Peter Wehner - 02.04.2010 - 3:25 PM

Sarah Palin has called for Rahm Emanuel to be fired because several months ago Emanuel reportedly told liberals they were “f—ing retarded” for planning to air attack ads against conservative Democrats opposed to health-care reform.

I’m certainly no great fan of Emanuel. I was concerned when he was named chief of staff. (“It’s fair to say,” I wrote in November 2008, “… that if Rahm Emanuel is chosen as chief of staff, the promise of a new and more uplifting era in politics may be revealed as a mirage. If Emanuel embodies the ‘new politics’ of the Obama era, it may well make the old politics seem like a garden party.”) And I think the Obama presidency has been, with a few exceptions, a train wreck. But calling on Emanuel to be fired is not appropriate and, to my mind, it is not even serious.

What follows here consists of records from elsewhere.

lemma lex_le_mult_k_Cons_iff_Cnc:
  assumes rpm: "res_pomonoid mult res one" and bot: "\<forall>x. bt \<le> x"
    and x1: "res x y \<in> Cnc mult"
    and ys: "y \<in> Cnc mult \<longrightarrow> ys = replicate n bt" and zs: "z \<in> Cnc mult \<longrightarrow> zs = replicate n bt"
    and len: "length xs = n" "length ys = n" "length zs = n" and "n \<ge> 1"
  shows "lex_le (mult_k mult (y # ys) (z # zs)) (x # xs) \<longleftrightarrow>
    lex_le (z # zs) (res x y # replicate n bt)"
proof -
  have ne: "xs \<noteq> []" "zs \<noteq> []" "replicate n bt \<noteq> []" using len \<open>n \<ge> 1\<close> by auto
  have rhs: "lex_le (z # zs) (res x y # replicate n bt) \<longleftrightarrow> z \<le> res x y"
    using x1 zs lex_le_refl[OF ne(2)] \<open>n \<ge> 1\<close>
    by (auto simp: lex_le_Cons ne(2) order.order_iff_strict)
  have tail: "lex_le (mult_k mult ys zs) xs" if "z \<le> res x y" and "mult y z = x"
  proof -
    have "mult_k mult ys zs = replicate n bt"
    proof (cases "y \<in> Cnc mult")
      case True
      then show ?thesis using ys len mult_k_replicate_bot(1)[OF rpm bot len(3)] by simp
    next
      case False
      have "mult y (res x y) \<le> mult y z"
        using res_pomonoid_mult_res_le[OF rpm] \<open>mult y z = x\<close> by simp
      then have "mult y z = mult y (res x y)"
        using res_pomonoid_mono[OF rpm \<open>z \<le> res x y\<close>] by (rule antisym[rotated])
      then have "z = res x y"
        using False res_pomonoid_commute[OF rpm] unfolding Cnc_def Icanc_def by auto
      then show ?thesis using x1 zs len mult_k_replicate_bot(2)[OF rpm bot len(2)] by simp
    qed
    then show ?thesis using lex_le_replicate_bot[OF bot ne(1)] len by simp
  qed
  have lhs: "lex_le (mult_k mult (y # ys) (z # zs)) (x # xs) \<longleftrightarrow>
      mult y z < x \<or> mult y z = x \<and> lex_le (mult_k mult ys zs) xs"
    using len ne(1) by (simp add: lex_le_mult_k_Cons_iff)
  show ?thesis
    unfolding lhs rhs using tail res_pomonoid_residuation[OF rpm, of y z x]
    by (auto simp: order.order_iff_strict)
qed

lemma lex_le_mult_k_Cons_iff_Icanc:
  assumes rpm: "res_pomonoid mult res one" and bot: "\<forall>x. bt \<le> x"
    and exact: "mult y (res x y) = x"
    and ys: "y \<in> Cnc mult \<longrightarrow> ys = replicate n bt"
    and len: "length xs = n" "length ys = n" "length zs = n" "length r = n" and "n \<ge> 1"
    and tail: "lex_le (mult_k mult ys zs) xs \<longleftrightarrow> lex_le zs r"
  shows "lex_le (mult_k mult (y # ys) (z # zs)) (x # xs) \<longleftrightarrow> lex_le (z # zs) (res x y # r)"
proof -
  have ne: "xs \<noteq> []" "zs \<noteq> []" "r \<noteq> []" using len \<open>n \<ge> 1\<close> by auto
  have lhs: "lex_le (mult_k mult (y # ys) (z # zs)) (x # xs) \<longleftrightarrow>
      mult y z < x \<or> mult y z = x \<and> lex_le zs r"
    using len ne(1) tail by (simp add: lex_le_mult_k_Cons_iff)
  show ?thesis
  proof (cases "y \<in> Cnc mult")
    case True
    then have "lex_le (mult_k mult ys zs) xs"
      using ys len mult_k_replicate_bot(1)[OF rpm bot len(3)] lex_le_replicate_bot[OF bot ne(1)] by simp
    then show ?thesis
      using lhs tail ne res_pomonoid_residuation[OF rpm]
      by (auto simp: lex_le_Cons order.order_iff_strict)
  next
    case False
    then have "y \<in> Icanc mult" by (simp add: Cnc_def)
    then show ?thesis
      using lhs ne res_pomonoid_cancel_iff[OF rpm _ exact] by (simp add: lex_le_Cons)
  qed
qed

definition is_lex_residual ::
  "('a::order \<Rightarrow> 'a \<Rightarrow> 'a) \<Rightarrow> 'a \<Rightarrow> nat \<Rightarrow> 'a list \<Rightarrow> 'a list \<Rightarrow> 'a list \<Rightarrow> bool"
  where "is_lex_residual mult bt k a b r \<longleftrightarrow>
    r \<in> Lex mult bt k \<and> (\<forall>c \<in> Lex mult bt k. lex_le (mult_k mult b c) a \<longleftrightarrow> lex_le c r)"

lemma is_lex_residual_singleton:
  assumes "res_pomonoid mult res one"
  shows "is_lex_residual mult bt (Suc 0) [x] [y] [res x y]"
  using res_pomonoid_residuation[OF assms]
  by (auto simp: is_lex_residual_def mult_k_def)

lemma is_lex_residual_Cons_intro:
  assumes "n \<ge> 1" and "r \<in> Lex mult bt (Suc n)"
    and "\<And>z zs. zs \<in> Lex mult bt n \<Longrightarrow> length zs = n \<Longrightarrow> (z \<in> Cnc mult \<longrightarrow> zs = replicate n bt) \<Longrightarrow>
      lex_le (mult_k mult b (z # zs)) a \<longleftrightarrow> lex_le (z # zs) r"
  shows "is_lex_residual mult bt (Suc n) a b r"
  unfolding is_lex_residual_def
proof (intro conjI ballI assms(2))
  fix c assume c: "c \<in> Lex mult bt (Suc n)"
  obtain z zs where c_eq: "c = z # zs"
    using Lex_length[OF c] by (cases c) auto
  with c have zs: "zs \<in> Lex mult bt n" "z \<in> Cnc mult \<longrightarrow> zs = replicate n bt"
    by (simp_all add: Lex_Cons_iff[OF assms(1)])
  show "lex_le (mult_k mult b c) a \<longleftrightarrow> lex_le c r"
    unfolding c_eq by (rule assms(3)[OF zs(1) Lex_length[OF zs(1)] zs(2)])
qed

definition lex_residual :: "('a \<Rightarrow> 'a \<Rightarrow> 'a) \<Rightarrow> ('a \<Rightarrow> 'a \<Rightarrow> 'a) \<Rightarrow> 'a \<Rightarrow> 'a list \<Rightarrow> 'a list \<Rightarrow> 'a list"
  where "lex_residual mult res bt a b =
    (let g = gamma mult res a b in map2 res (take g a) (take g b) @ replicate (length a - g) bt)"

lemma lex_residual_Cons:
  "lex_residual mult res bt (x # xs) (y # ys) =
     res x y # (if res x y \<in> Cnc mult then replicate (length xs) bt else lex_residual mult res bt xs ys)"
  unfolding lex_residual_def gamma_Cons by (simp add: Let_def)

lemma lex_residual_Nil [simp]: "lex_residual mult res bt [] b = []"
  by (simp add: lex_residual_def Let_def)

lemma is_lex_residual_Cons_Cnc:
  assumes rpm: "res_pomonoid mult res one" and bot: "\<forall>x. bt \<le> x" and "n \<ge> 1"
    and b: "y # ys \<in> Lex mult bt (Suc n)" and "length xs = n" and x1: "res x y \<in> Cnc mult"
  shows "is_lex_residual mult bt (Suc n) (x # xs) (y # ys) (res x y # replicate n bt)"
proof (rule is_lex_residual_Cons_intro[OF \<open>n \<ge> 1\<close>])
  show "res x y # replicate n bt \<in> Lex mult bt (Suc n)"
    using x1 by (simp add: Lex_Cons_iff[OF \<open>n \<ge> 1\<close>] replicate_bot_in_Lex[OF \<open>n \<ge> 1\<close>])
  have ys: "ys \<in> Lex mult bt n" "y \<in> Cnc mult \<longrightarrow> ys = replicate n bt"
    using b by (simp_all add: Lex_Cons_iff[OF \<open>n \<ge> 1\<close>])
  fix z zs assume "length zs = n" and "z \<in> Cnc mult \<longrightarrow> zs = replicate n bt"
  then show "lex_le (mult_k mult (y # ys) (z # zs)) (x # xs) \<longleftrightarrow>
      lex_le (z # zs) (res x y # replicate n bt)"
    using lex_le_mult_k_Cons_iff_Cnc[OF rpm bot x1 ys(2)] Lex_length[OF ys(1)] \<open>length xs = n\<close> \<open>n \<ge> 1\<close>
    by simp
qed

lemma is_lex_residual_Cons_Icanc:
  assumes rpm: "res_pomonoid mult res one" and bot: "\<forall>x. bt \<le> x" and "n \<ge> 1"
    and b: "y # ys \<in> Lex mult bt (Suc n)" and "length xs = n"
    and x1: "res x y \<notin> Cnc mult" and exact: "mult y (res x y) = x"
    and tail: "is_lex_residual mult bt n xs ys r"
  shows "is_lex_residual mult bt (Suc n) (x # xs) (y # ys) (res x y # r)"
proof (rule is_lex_residual_Cons_intro[OF \<open>n \<ge> 1\<close>])
  have r: "r \<in> Lex mult bt n" "\<forall>c \<in> Lex mult bt n. lex_le (mult_k mult ys c) xs \<longleftrightarrow> lex_le c r"
    using tail by (simp_all add: is_lex_residual_def)
  show "res x y # r \<in> Lex mult bt (Suc n)"
    using r(1) x1 by (simp add: Lex_Cons_iff[OF \<open>n \<ge> 1\<close>])
  have ys: "ys \<in> Lex mult bt n" "y \<in> Cnc mult \<longrightarrow> ys = replicate n bt"
    using b by (simp_all add: Lex_Cons_iff[OF \<open>n \<ge> 1\<close>])
  fix z zs assume "zs \<in> Lex mult bt n" and "length zs = n"
  then show "lex_le (mult_k mult (y # ys) (z # zs)) (x # xs) \<longleftrightarrow> lex_le (z # zs) (res x y # r)"
    using lex_le_mult_k_Cons_iff_Icanc[OF rpm bot exact ys(2)] r Lex_length[OF ys(1)]
      Lex_length[OF r(1)] \<open>length xs = n\<close> \<open>n \<ge> 1\<close>
    by simp
qed

(* Exactness is only needed at positions before both \<gamma> and k, which is weaker than the
  hypothesis of the theorem. *)
lemma lex_residual_residuation:
  assumes rpm: "res_pomonoid mult res one" and bot: "\<forall>x. bt \<le> x"
  shows "a \<in> Lex mult bt k \<Longrightarrow> b \<in> Lex mult bt k \<Longrightarrow>
    min (gamma mult res a b) k \<le> delta mult res a b \<Longrightarrow>
    is_lex_residual mult bt k a b (lex_residual mult res bt a b)"
proof (induction a arbitrary: b k)
  case Nil
  then show ?case using Lex_length[OF Nil(1)] by simp
next
  case (Cons x xs)
  define n where "n = length xs"
  have k: "k = Suc n" using Lex_length[OF Cons.prems(1)] n_def by simp
  obtain y ys where b: "b = y # ys" and ys_len: "length ys = n"
    using Lex_length[OF Cons.prems(2)] k by (cases b) auto
  show ?case
  proof (cases "n = 0")
    case True
    then have "xs = []" "ys = []" using ys_len n_def by auto
    then show ?thesis
      using is_lex_residual_singleton[OF rpm] b k True by (simp add: lex_residual_Cons)
  next
    case False
    then have "n \<ge> 1" by simp
    show ?thesis
    proof (cases "res x y \<in> Cnc mult")
      case True
      then show ?thesis
        using is_lex_residual_Cons_Cnc[OF rpm bot \<open>n \<ge> 1\<close>] Cons.prems(2) b k n_def
        by (simp add: lex_residual_Cons)
    next
      case False
      have xs_ne: "xs \<noteq> []" using \<open>n \<ge> 1\<close> n_def by auto
      have "min (gamma mult res (x # xs) (y # ys)) (Suc (length xs)) \<le> delta mult res (x # xs) (y # ys)"
        using Cons.prems(3) b k n_def by simp
      then have exact: "mult y (res x y) = x"
        and tail_exact: "min (gamma mult res xs ys) n \<le> delta mult res xs ys"
        using min_gamma_le_delta_ConsD[OF rpm _ xs_ne False] n_def by simp_all
      have "xs \<in> Lex mult bt n" "ys \<in> Lex mult bt n"
        using Cons.prems(1,2) k b by (simp_all add: Lex_Cons_iff[OF \<open>n \<ge> 1\<close>])
      then have "is_lex_residual mult bt n xs ys (lex_residual mult res bt xs ys)"
        using Cons.IH tail_exact by blast
      then show ?thesis
        using is_lex_residual_Cons_Icanc[OF rpm bot \<open>n \<ge> 1\<close> _ _ False exact] Cons.prems(2) b k n_def False
        by (simp add: lex_residual_Cons)
    qed
  qed
qed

I can understand people, especially those with special needs children, objecting to the use of the word “retarded.” Fine: then make that case in a calm, reasonable way. But trying to turn this incident into a firing offense is badly misguided. This is the kind of thing the Left does routinely; it is an outgrowth of the Politically Correct movement, which has done a lot of damage to public discourse.

To try to use Emanuel’s words against him as political payback is unwise and unfair. If a conservative had said the same thing as Emanuel, I can’t help thinking that Palin would not be calling on him or her to step down.

It seems to me that Ms. Palin needs to convince people that she is an intelligent, reassuring, intellectually serious public figure. Things like this don’t help her make that case.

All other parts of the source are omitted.